In their tests, LCP improved by 300 milliseconds, about 20% and this was before the team did micro optimizations. In other words, 20% was the lowest hanging fruit. As a result of fast loading, they saw 12% more user engagement. Congratulations to the team for such an amazing accomplishment. If you are raring to get-go, Search Console’s page experience report is an excellent place for all of you to get started. The page experience report offers valuable metrics, such as percentage of URLs with good page experience, and their Search impressions over time, allowing site owners to quickly evaluate their performance. Site owners can dig into the components of page experience signal to gain additional insights on opportunities for improvement. The Search Performance report has also been updated to allow for filtering pages with good page experience, which helps site owners keep track of how these pages compare to others on the same site. I’ll now turn it over to Naina to talk more about AMP our turnkey solution for page experience.

Accelerated Mobile Pages

Naina Raisinghani: Thanks, Jeffrey. Hi, folks, as Jeffrey mentioned, my name is Naina Raisinghani, and I lead product for the AMP team. Now on the AMP project we strongly believe that AMP puts developers on the path to success, to not just creating, but also maintaining great page experience. This means that the AMP runtime provides developers with the constraints needed to create a great performing page, and then AMP caches can actually help further improve the performance of these pages by making them near instant. However, like many other frameworks, AMP can’t implement all web development best practices into its runtime. And this is why in the run-up to the page experience ranking change going live, we actually encouraged developers to ensure that AMP pages served from both the publisher site or via an AMP cache are both equally optimized. And the first step to a great page experience here is the AMP core, that is the AMP extensions and the runtime that enforce the design constraints that make AMP great.
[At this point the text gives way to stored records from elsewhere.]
(* Let $(X,\tau_1,\tau_2)$ be a bitopological space, $i,j\in\{1,2\}$, $i\neq j$, which is $(i,j)$-almost regular, $(i,j)_1$-almost paralindelöf and a $j$-$P$-space. Then every cover $\mathcal U$ of $X$ by $(i,j)$-regular open sets has a refinement which is a cover of $X$, is $j$-locally countable, and consists of $(j,i)$-regular closed sets (sets $F$ with $F=j\text{-}\mathrm{cl}(i\text{-}\mathrm{int}(F))$).
   Context: $(X,\tau_1,\tau_2)$ is a bitopological space and $i,j\in\{1,2\}$, $i\neq j$. For $k\in\{1,2\}$, $k\text{-}\mathrm{int}$ and $k\text{-}\mathrm{cl}$ denote interior and closure with respect to $\tau_k$; "$k$-open" means $\tau_k$-open. A set $A$ is $(i,j)$-regular open if $A=i\text{-}\mathrm{int}(j\text{-}\mathrm{cl}(A))$. $X$ is $(i,j)$-almost regular if for each $x\in X$ and each $(i,j)$-regular open set $U$ containing $x$ there is an $(i,j)$-regular open set $V$ with $x\in V\subseteq j\text{-}\mathrm{cl}(V)\subseteq U$. A family $\mathcal V$ refines $\mathcal U$ if each member of $\mathcal V$ is contained in some member of $\mathcal U$; a family is a cover of $X$ if its union is $X$. A family is $k$-locally countable if every $x\in X$ has a $k$-open neighbourhood meeting at most countably many of its members. $X$ is a $k$-$P$-space if every intersection of countably many $k$-open sets is $k$-open. $X$ is $(i,j)_1$-almost paralindelöf if for every cover $\mathcal U$ of $X$ by $i$-open sets there is a $j$-locally countable family $\mathcal V$ of $i$-open sets refining $\mathcal U$ such that $X=\bigcup\{j\text{-}\mathrm{cl}(V):V\in\mathcal V\}$. *)

theory Defs
  imports "HOL-Analysis.Analysis"
begin

definition bitop :: "'a topology \<Rightarrow> 'a topology \<Rightarrow> nat \<Rightarrow> 'a topology" where
  "bitop T1 T2 k = (if k = 1 then T1 else T2)"

definition regular_open_ij :: "'a topology \<Rightarrow> 'a topology \<Rightarrow> 'a set \<Rightarrow> bool" where
  "regular_open_ij Ti Tj A \<longleftrightarrow> A = Ti interior_of (Tj closure_of A)"

definition regular_closed_ij :: "'a topology \<Rightarrow> 'a topology \<Rightarrow> 'a set \<Rightarrow> bool" where
  "regular_closed_ij Ti Tj F \<longleftrightarrow> F = Ti closure_of (Tj interior_of F)"

definition almost_regular_ij :: "'a topology \<Rightarrow> 'a topology \<Rightarrow> bool" where
  "almost_regular_ij Ti Tj \<longleftrightarrow>
     (\<forall>x \<in> topspace Ti. \<forall>U. regular_open_ij Ti Tj U \<and> x \<in> U \<longrightarrow>
        (\<exists>V. regular_open_ij Ti Tj V \<and> x \<in> V \<and> V \<subseteq> Tj closure_of V \<and> Tj closure_of V \<subseteq> U))"

definition refines :: "'a set set \<Rightarrow> 'a set set \<Rightarrow> bool" where
  "refines \<V> \<U> \<longleftrightarrow> (\<forall>V\<in>\<V>. \<exists>U\<in>\<U>. V \<subseteq> U)"

definition locally_countable :: "'a topology \<Rightarrow> 'a set set \<Rightarrow> bool" where
  "locally_countable T \<V> \<longleftrightarrow>
     (\<forall>x \<in> topspace T. \<exists>W. openin T W \<and> x \<in> W \<and> countable {V \<in> \<V>. V \<inter> W \<noteq> {}})"

definition P_space :: "'a topology \<Rightarrow> bool" where
  "P_space T \<longleftrightarrow> (\<forall>\<G>. countable \<G> \<and> \<G> \<noteq> {} \<and> (\<forall>G\<in>\<G>. openin T G) \<longrightarrow> openin T (\<Inter>\<G>))"

definition almost_paralindelof_ij :: "'a topology \<Rightarrow> 'a topology \<Rightarrow> bool" where
  "almost_paralindelof_ij Ti Tj \<longleftrightarrow>
     (\<forall>\<U>. (\<forall>U\<in>\<U>. openin Ti U) \<and> \<Union>\<U> = topspace Ti \<longrightarrow>
        (\<exists>\<V>. (\<forall>V\<in>\<V>. openin Ti V) \<and> refines \<V> \<U> \<and> locally_countable Tj \<V> \<and>
             topspace Ti = \<Union>{Tj closure_of V | V. V \<in> \<V>}))"

end

theory Submission
  imports Defs
begin

text \<open>Almost regularity lets us shrink the given cover to the \<open>i\<close>-open sets whose \<open>j\<close>-closure
  lies in a member of it; the almost paralindelof property refines this shrunk cover by a \<open>j\<close>-locally
  countable family \<open>\<V>\<close> of \<open>i\<close>-open sets whose \<open>j\<close>-closures cover \<open>X\<close>. These closures are the
  required refinement: the \<open>j\<close>-closure of an \<open>i\<close>-open set is \<open>(j,i)\<close>-regular closed, and an open
  set meets the closure of a set only if it meets the set itself, so taking closures preserves
  local countability.\<close>

lemma regular_closed_ij_closure_of_openin:
  assumes "topspace Ti = topspace Tj" and "openin Ti V"
  shows "regular_closed_ij Tj Ti (Tj closure_of V)"
proof -
  have "V \<subseteq> Tj closure_of V"
    using assms closure_of_subset openin_subset by metis
  then have "V \<subseteq> Ti interior_of (Tj closure_of V)"
    using assms(2) interior_of_maximal by blast
  then have "Tj closure_of V \<subseteq> Tj closure_of (Ti interior_of (Tj closure_of V))"
    by (rule closure_of_mono)
  moreover have "Tj closure_of (Ti interior_of (Tj closure_of V)) \<subseteq> Tj closure_of V"
    by (metis closure_of_closure_of closure_of_mono interior_of_subset)
  ultimately show ?thesis
    unfolding regular_closed_ij_def by blast
qed

lemma locally_countable_closure_of_image:
  assumes "locally_countable T \<V>"
  shows "locally_countable T ((closure_of) T ` \<V>)"
  unfolding locally_countable_def
proof
  fix x assume "x \<in> topspace T"
  then obtain W where W: "openin T W" "x \<in> W" "countable {V \<in> \<V>. V \<inter> W \<noteq> {}}"
    using assms unfolding locally_countable_def by blast
  have "{F \<in> (closure_of) T ` \<V>. F \<inter> W \<noteq> {}} \<subseteq> (closure_of) T ` {V \<in> \<V>. V \<inter> W \<noteq> {}}"
    using openin_Int_closure_of_eq_empty[OF W(1)] by (auto simp: Int_commute)
  then have "countable {F \<in> (closure_of) T ` \<V>. F \<inter> W \<noteq> {}}"
    using W(3) by (meson countable_image countable_subset)
  with W(1,2) show "\<exists>W. openin T W \<and> x \<in> W \<and> countable {F \<in> (closure_of) T ` \<V>. F \<inter> W \<noteq> {}}"
    by blast
qed

lemma almost_regular_ij_closure_shrinking_cover:
  assumes "almost_regular_ij Ti Tj"
    and "\<forall>U\<in>\<U>. regular_open_ij Ti Tj U" and "\<Union>\<U> = topspace Ti"
  shows "\<Union>{V. openin Ti V \<and> (\<exists>U\<in>\<U>. Tj closure_of V \<subseteq> U)} = topspace Ti"
proof
  show "\<Union>{V. openin Ti V \<and> (\<exists>U\<in>\<U>. Tj closure_of V \<subseteq> U)} \<subseteq> topspace Ti"
    using openin_subset by blast
  show "topspace Ti \<subseteq> \<Union>{V. openin Ti V \<and> (\<exists>U\<in>\<U>. Tj closure_of V \<subseteq> U)}"
  proof
    fix x assume x: "x \<in> topspace Ti"
    then obtain U where U: "U \<in> \<U>" "x \<in> U"
      using assms(3) by blast
    then obtain V where V: "regular_open_ij Ti Tj V" "x \<in> V" "Tj closure_of V \<subseteq> U"
      using assms(1)[unfolded almost_regular_ij_def, rule_format, OF x, of U] assms(2) by blast
    have "openin Ti V"
      using V(1) unfolding regular_open_ij_def by (metis openin_interior_of)
    with U V show "x \<in> \<Union>{V. openin Ti V \<and> (\<exists>U\<in>\<U>. Tj closure_of V \<subseteq> U)}"
      by blast
  qed
qed

lemma refines_closure_of_image:
  assumes "refines \<V> {V. openin Ti V \<and> (\<exists>U\<in>\<U>. Tj closure_of V \<subseteq> U)}"
  shows "refines ((closure_of) Tj ` \<V>) \<U>"
  unfolding refines_def
proof
  fix F assume "F \<in> (closure_of) Tj ` \<V>"
  then obtain V where V: "V \<in> \<V>" "F = Tj closure_of V"
    by blast
  then obtain W U where "U \<in> \<U>" "V \<subseteq> W" "Tj closure_of W \<subseteq> U"
    using assms unfolding refines_def by blast
  with V show "\<exists>U\<in>\<U>. F \<subseteq> U"
    using closure_of_mono by blast
qed

lemma almost_paralindelof_ij_regular_closed_refinement:
  assumes "topspace Ti = topspace Tj"
    and "almost_regular_ij Ti Tj" and "almost_paralindelof_ij Ti Tj"
    and "\<forall>U\<in>\<U>. regular_open_ij Ti Tj U" and "\<Union>\<U> = topspace Ti"
  shows "\<exists>\<F>. refines \<F> \<U> \<and> \<Union>\<F> = topspace Ti \<and> locally_countable Tj \<F> \<and>
             (\<forall>F\<in>\<F>. regular_closed_ij Tj Ti F)"
proof -
  define \<W> where "\<W> = {V. openin Ti V \<and> (\<exists>U\<in>\<U>. Tj closure_of V \<subseteq> U)}"
  have "\<forall>W\<in>\<W>. openin Ti W" "\<Union>\<W> = topspace Ti"
    unfolding \<W>_def using almost_regular_ij_closure_shrinking_cover[OF assms(2,4,5)] by auto
  then obtain \<V> where \<V>: "\<forall>V\<in>\<V>. openin Ti V" "refines \<V> \<W>" "locally_countable Tj \<V>"
      "topspace Ti = \<Union>{Tj closure_of V | V. V \<in> \<V>}"
    using assms(3)[unfolded almost_paralindelof_ij_def, rule_format, of \<W>] by blast
  have "refines ((closure_of) Tj ` \<V>) \<U>"
    using refines_closure_of_image \<V>(2) unfolding \<W>_def .
  moreover have "\<Union>((closure_of) Tj ` \<V>) = topspace Ti"
    using \<V>(4) by blast
  moreover have "locally_countable Tj ((closure_of) Tj ` \<V>)"
    using locally_countable_closure_of_image \<V>(3) .
  moreover have "\<forall>F\<in>(closure_of) Tj ` \<V>. regular_closed_ij Tj Ti F"
    using regular_closed_ij_closure_of_openin[OF assms(1)] \<V>(1) by blast
  ultimately show ?thesis
    by blast
qed

theorem mainTheorem13:
  fixes T1 T2 :: "'a topology" and i j :: nat
  assumes "topspace T1 = topspace T2"
    and "i \<in> {1,2}" and "j \<in> {1,2}" and "i \<noteq> j"
    and "almost_regular_ij (bitop T1 T2 i) (bitop T1 T2 j)"
    and "almost_paralindelof_ij (bitop T1 T2 i) (bitop T1 T2 j)"
    and "P_space (bitop T1 T2 j)"
    and "\<forall>U\<in>\<U>. regular_open_ij (bitop T1 T2 i) (bitop T1 T2 j) U"
    and "\<Union>\<U> = topspace T1"
  shows "\<exists>\<F>. refines \<F> \<U> \<and> \<Union>\<F> = topspace T1 \<and>
             locally_countable (bitop T1 T2 j) \<F> \<and>
             (\<forall>F\<in>\<F>. regular_closed_ij (bitop T1 T2 j) (bitop T1 T2 i) F)"
proof -
  have topspace_bitop: "topspace (bitop T1 T2 k) = topspace T1" for k
    using assms(1) by (simp add: bitop_def)
  show ?thesis
    using almost_paralindelof_ij_regular_closed_refinement[of "bitop T1 T2 i" "bitop T1 T2 j" \<U>]
      assms(5,6,8,9) topspace_bitop by simp
qed

end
The next building block is how the page is being served. Core Web Vital metrics for a page are determined by observing real user interactions with web pages, and in the case of AMP, this means that the pages could be served from either the publisher’s domain or via an AMP cache, depending on how the user encounters the content. Many sites actually see a significant proportion of their AMP visits actually occurring on their own domain. Now to get the strongest possible user experience on your AMP pages, we highly encourage all site owners to implement a number of additional optimizations that they can perform themselves. AMP Optimizers are actually tools that bring the AMP cache optimizations to your own site. And by using the latest AMP Optimizer, you’re getting the easiest way to automatically benefit from any new server-side optimizations for AMP.

You can learn more about AMP Optimizers at the link on the screen. And that’s how the AMP project actually thinks about performance. We make sure that you have the tools to create and then maintain really great page experience. And in fact, we also launched the AMP page experience guide last year, it’s a one-stop tool to help developers debug why their AMP page might not be meeting page experience criteria. And since launch, we’ve actually added even more actionable feedback to the AMP page experience guide, making it even more useful. These improvements have actually been driven by websites testing their AMP pages using the tool. So we encourage you to try out the tool at the link shown on the screen and provide feedback. And that’s that, we on the AMP team genuinely believe that AMP sets you up for success when you’re looking at creating and then maintaining well-performant sites in the long run. We hope you give it a try and leave your feedback, and with that, I’ll hand it back to Jeffrey.

Jeffrey: Thanks, Naina. With page experience ranking, we are on a multi-year journey to surface high-quality content with exceptional user experience for our users. We want to give developers actionable guidance through the various tools we offer, such as Search Console’s Page Experience Report and AMP’s Page Experience Guide. With that, I want to thank all of you for joining us today. We hope you are staying safe, and have a good rest of I/O 2021. Thank you.